Similar analysis was done to the reactions of the Saccharomyces cerevisiae iND750 [31] according to sub-cellular localisations. Three cellular compartments, cytosol, mitochondrion, and peroxisome, were studied which include relatively more metabolites. It was found that the sub-networks of cytosol reactions and mitochondrion reactions could exhibit the bow-tie patterns as shown in Table 3. It is known that mitochondrion is functionally relatively independent organelle, while the majority of metabolic reactions take place in cytosol. That the peroxisome reactions do not form a bow-tie could be caused by the scarcity of reaction information of peroxisome. However, with the development of genomics, proteomics and metabonomics, and the accumulation of sub-cellular information of more reactions, we speculate that it is possible to find bow-tie structures in more organelles.

Table 3 Node distributions in the sub-networks of the cell compartment reactions for S. cerevisiae

In brief, bow-tie pattern is also present in elementary metabolism such as carbohydrates, and in cellular compartments of mitochondria and cytosol. These results seem to indicate that the modularity of bow-tie patterns is common to metabolic networks. At the same time, the complete bow-tie patterns in mitochondria and carbohydrates pathways could also imply some independent functional clues.

Significance of modularity in the form of bow-tie structure

In the long evolutionary process of metabolism networks and their components, the structure of modularity could contribute significantly to the function of metabolic networks. Here, the recurrence of bow-tie structures suggests that bow-tie modules may act as another kind of building block of the genome-based metabolic network during the evolutionary process, indicating that evolution might copy and reuse existing modules to give rise to ever higher forms of complexity when new function calls for it.

Another contribution would be network robustness. It is argued that the GSC part in the bow-tie of the metabolic network is robust against mutations because there are multiple routes between any pair of nodes within the GSC [19, 32]. While a modular metabolic network which is nested by many relatively independent and robust bow-tie units, will provide more advantages in generating coordinated response to various stimuli from environment and further increase the robustness of the whole metabolic system.
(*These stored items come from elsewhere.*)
(* Let $n\ge4$, let $C=\mathrm{circ}(1,0,\ldots,0,1)$ of order $n-1$, let $X=2(CC^T+I_{n-1})^{-1}\left[ (n-1)I_{n-1}-J_{n-1}\right]$ and $Y=J_{n-1}+C^TX$. Then $Y=\mathrm{circ}(d_0,d_1,\ldots,d_{n-2})$ where \[d_0=\frac{1}{5}+\frac{4(n-1)}{\sqrt{5}}\left[\frac{2^{n-2}+(-3+\sqrt{5})^{n-2}}{2^{n-1}-(-3+\sqrt{5})^{n-1}} -\frac{2^{n-2}+(-3-\sqrt{5})^{n-2}}{2^{n-1}-(-3-\sqrt{5})^{n-1}}\right]\] and for $j=1,2,\ldots,n-2$, \[d_j=\frac{1}{5}+\frac{2^{n+1-j}(n-1)}{5+\sqrt{5}}\left[\frac{2(-3+\sqrt{5})^{j-1}}{2^{n-1}-(-3+\sqrt{5})^{n-1}} -\frac{(-3-\sqrt{5})^{j}}{2^{n-1}-(-3-\sqrt{5})^{n-1}}\right].\]
   Context: For $c_0,\dots,c_{k-1}$, $\mathrm{circ}(c_0,\ldots,c_{k-1})$ denotes the $k\times k$ circulant matrix whose $(i,j)$-entry is $c_{(j-i)\bmod k}$. $J_{n-1}$ is the $(n-1)\times(n-1)$ all-ones matrix and $I_{n-1}$ the identity. Note $CC^T+I_{n-1}=\mathrm{circ}(3,1,0,\ldots,0,1)$ is invertible. ($X,Y$ are blocks of the Moore–Penrose inverse of the incidence matrix of the wheel graph $W_n$.) *)

theory Defs
  imports Complex_Main "Jordan_Normal_Form.Gauss_Jordan_Elimination"
begin

definition circ :: "nat \<Rightarrow> (nat \<Rightarrow> 'a) \<Rightarrow> 'a mat" where
  "circ k c = mat k k (\<lambda>(i, j). c ((j + k - i) mod k))"

definition ones_mat :: "nat \<Rightarrow> 'a :: one mat" where
  "ones_mat k = mat k k (\<lambda>_. 1)"

end

theory Submission
  imports Defs "Jordan_Normal_Form.Determinant"
begin

(* With m = n - 1, C C^T + I is circ(3,1,0,...,0,1), so multiplying a circulant circ f by it
   applies the cyclic recurrence f(t-1) + 3 f(t) + f(t+1).  The roots of x^2 + 3x + 1 are
   rho = (sqrt 5 - 3)/2 and 1/rho, and the symmetric solution rho^t + rho^(m-t), normalised,
   has right-hand side the Kronecker delta at 0: this gives the first row of (C C^T + I)^-1
   and shows X = circ x with x_t = 2m (rho^t + rho^(m-t)) / (sqrt 5 (1 - rho^m)) - 2/5.
   Then Y = J + C^T X = circ (1 + x_t + x_(t-1)), and writing -3 + sqrt 5 = 2 rho and
   -3 - sqrt 5 = 2/rho turns this into the stated closed forms. *)

(* Cyclic index arithmetic is done in int, where subtraction does not truncate. *)
lemma of_nat_mod_cyclic_sub:
  assumes "b < k"
  shows "int ((a + k - b) mod k) = (int a - int b) mod int k"
proof -
  have "int ((a + k - b) mod k) = (int a - int b + int k) mod int k"
    using assms by (simp add: of_nat_mod of_nat_diff algebra_simps)
  then show ?thesis by simp
qed

lemma of_nat_mod_cyclic_neg:
  assumes "b < k"
  shows "int ((k - b) mod k) = (- int b) mod int k"
  using of_nat_mod_cyclic_sub[OF assms, of 0] by simp

lemma cyclic_pred_pos:
  fixes t m :: nat
  assumes "0 < t" "t < m"
  shows "(t + m - 1) mod m = t - 1"
proof -
  obtain s where "t = Suc s" using assms(1) by (cases t) auto
  then show ?thesis using assms by simp
qed

lemma circ_carrier_mat [simp]: "circ k c \<in> carrier_mat k k"
  and dim_row_circ [simp]: "dim_row (circ k c) = k"
  and dim_col_circ [simp]: "dim_col (circ k c) = k"
  unfolding circ_def by simp_all

lemma index_circ [simp]: "i < k \<Longrightarrow> j < k \<Longrightarrow> circ k c $$ (i, j) = c ((j + k - i) mod k)"
  unfolding circ_def by simp

lemma circ_cong: "(\<And>t. t < k \<Longrightarrow> f t = g t) \<Longrightarrow> circ k f = circ k g"
  by (rule eq_matI) auto

lemma circ_add: "circ k f + circ k g = circ k (\<lambda>t. f t + g t)"
  by (rule eq_matI) auto

lemma circ_diff: "circ k f - circ k g = circ k (\<lambda>t. f t - g t)"
  by (rule eq_matI) auto

lemma smult_circ: "a \<cdot>\<^sub>m circ k f = circ k (\<lambda>t. a * f t)"
  by (rule eq_matI) auto

lemma one_mat_circ: "1\<^sub>m k = circ k (\<lambda>t. if t = 0 then 1 else 0)"
proof (rule eq_matI)
  fix i j assume "i < dim_row (circ k (\<lambda>t. if t = 0 then 1 else 0))"
    "j < dim_col (circ k (\<lambda>t. if t = 0 then 1 else 0))"
  then have ij: "i < k" "j < k" by simp_all
  have "(j + k - i) mod k = 0 \<longleftrightarrow> i = j"
  proof (cases "i \<le> j")
    case True
    then have "(j + k - i) mod k = j - i"
      using ij by (metis Nat.add_diff_assoc2 mod_add_self2 mod_less less_imp_diff_less)
    then show ?thesis using True by auto
  next
    case False
    then show ?thesis using ij by simp
  qed
  then show "1\<^sub>m k $$ (i, j) = circ k (\<lambda>t. if t = 0 then 1 else 0) $$ (i, j)"
    using ij by simp
qed auto

lemma ones_mat_circ: "ones_mat k = circ k (\<lambda>_. 1)"
  unfolding ones_mat_def by (rule eq_matI) auto

lemma circ_mult:
  "circ k a * circ k b = circ k (\<lambda>t. \<Sum>s<k. a s * b ((t + k - s) mod k))"
proof (rule eq_matI)
  fix i j assume "i < dim_row (circ k (\<lambda>t. \<Sum>s<k. a s * b ((t + k - s) mod k)))"
    "j < dim_col (circ k (\<lambda>t. \<Sum>s<k. a s * b ((t + k - s) mod k)))"
  then have i: "i < k" and j: "j < k" by simp_all
  have "(circ k a * circ k b) $$ (i, j) = (\<Sum>l<k. a ((l + k - i) mod k) * b ((j + k - l) mod k))"
    using i j by (simp add: scalar_prod_def lessThan_atLeast0)
  also have "\<dots> = (\<Sum>s<k. a s * b (((j + k - i) mod k + k - s) mod k))"
  proof (rule sum.reindex_bij_witness[where i = "\<lambda>s. (s + i) mod k" and j = "\<lambda>l. (l + k - i) mod k"])
    fix l assume "l \<in> {..<k}"
    then have l: "l < k" by simp
    have "int (((l + k - i) mod k + i) mod k) = int l"
      using l i by (simp add: of_nat_mod of_nat_mod_cyclic_sub mod_simps)
    then show "((l + k - i) mod k + i) mod k = l" by (simp only: of_nat_eq_iff)
    show "(l + k - i) mod k \<in> {..<k}" using l by simp
    have "(l + k - i) mod k < k" using l by simp
    then have "int (((j + k - i) mod k + k - (l + k - i) mod k) mod k) = int ((j + k - l) mod k)"
      using i l by (simp only: of_nat_mod_cyclic_sub) (simp add: mod_simps)
    then show "a ((l + k - i) mod k) * b (((j + k - i) mod k + k - (l + k - i) mod k) mod k)
        = a ((l + k - i) mod k) * b ((j + k - l) mod k)"
      by (simp only: of_nat_eq_iff)
  next
    fix s assume "s \<in> {..<k}"
    then have s: "s < k" by simp
    have "int (((s + i) mod k + k - i) mod k) = int s"
      using s i by (simp only: of_nat_mod_cyclic_sub) (simp add: of_nat_mod mod_simps)
    then show "((s + i) mod k + k - i) mod k = s" by (simp only: of_nat_eq_iff)
    show "(s + i) mod k \<in> {..<k}" using s by simp
  qed
  finally show "(circ k a * circ k b) $$ (i, j) = circ k (\<lambda>t. \<Sum>s<k. a s * b ((t + k - s) mod k)) $$ (i, j)"
    using i j by simp
qed auto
Moreover, selection of bow-tie as a structural building unit seems to be a concise and smart option for constructing metabolic networks. From the standard biochemical point of view, the metabolic system is organized as a bow-tie whose knot is made up of a small handful of activated carriers and 12 precursors, with a large "fan-in" of nutrients, and a large "fan-out" of products in biosynthetic pathways[24, 33]. Such organization pattern has been reported to be present in various biological systems, such as in signal transduction systems, transcription and translation processes, and immune systems [24, 3236]. The bow-tie model here could give alternative view of the biological metabolites flow from the topological aspects, where the knot is much thicker than that of above. We will refer to thin bow-tie and thick bow-tie to distinguish these two models. These two bow-tie models are similar in that they both specially identify and isolate the carriers. It is noted that, besides the carriers, the thin bow-tie model includes only the 12 precursors as its knot, whereas the thick bow-tie model here also contains these 12 precursors, but together with the three essential pathways – TCA (tricarboxylic acid) cycle, pentose phosphate pathways and glycolysis pathways, which generate the precursors, as well as much more metabolites and reactions. Although different bow-tie models in details, the similar organization pattern can both facilitate the kind of extreme heterogeneity that allows for robust regulation, manageable genome sizes and biochemically plausible enzymes [24].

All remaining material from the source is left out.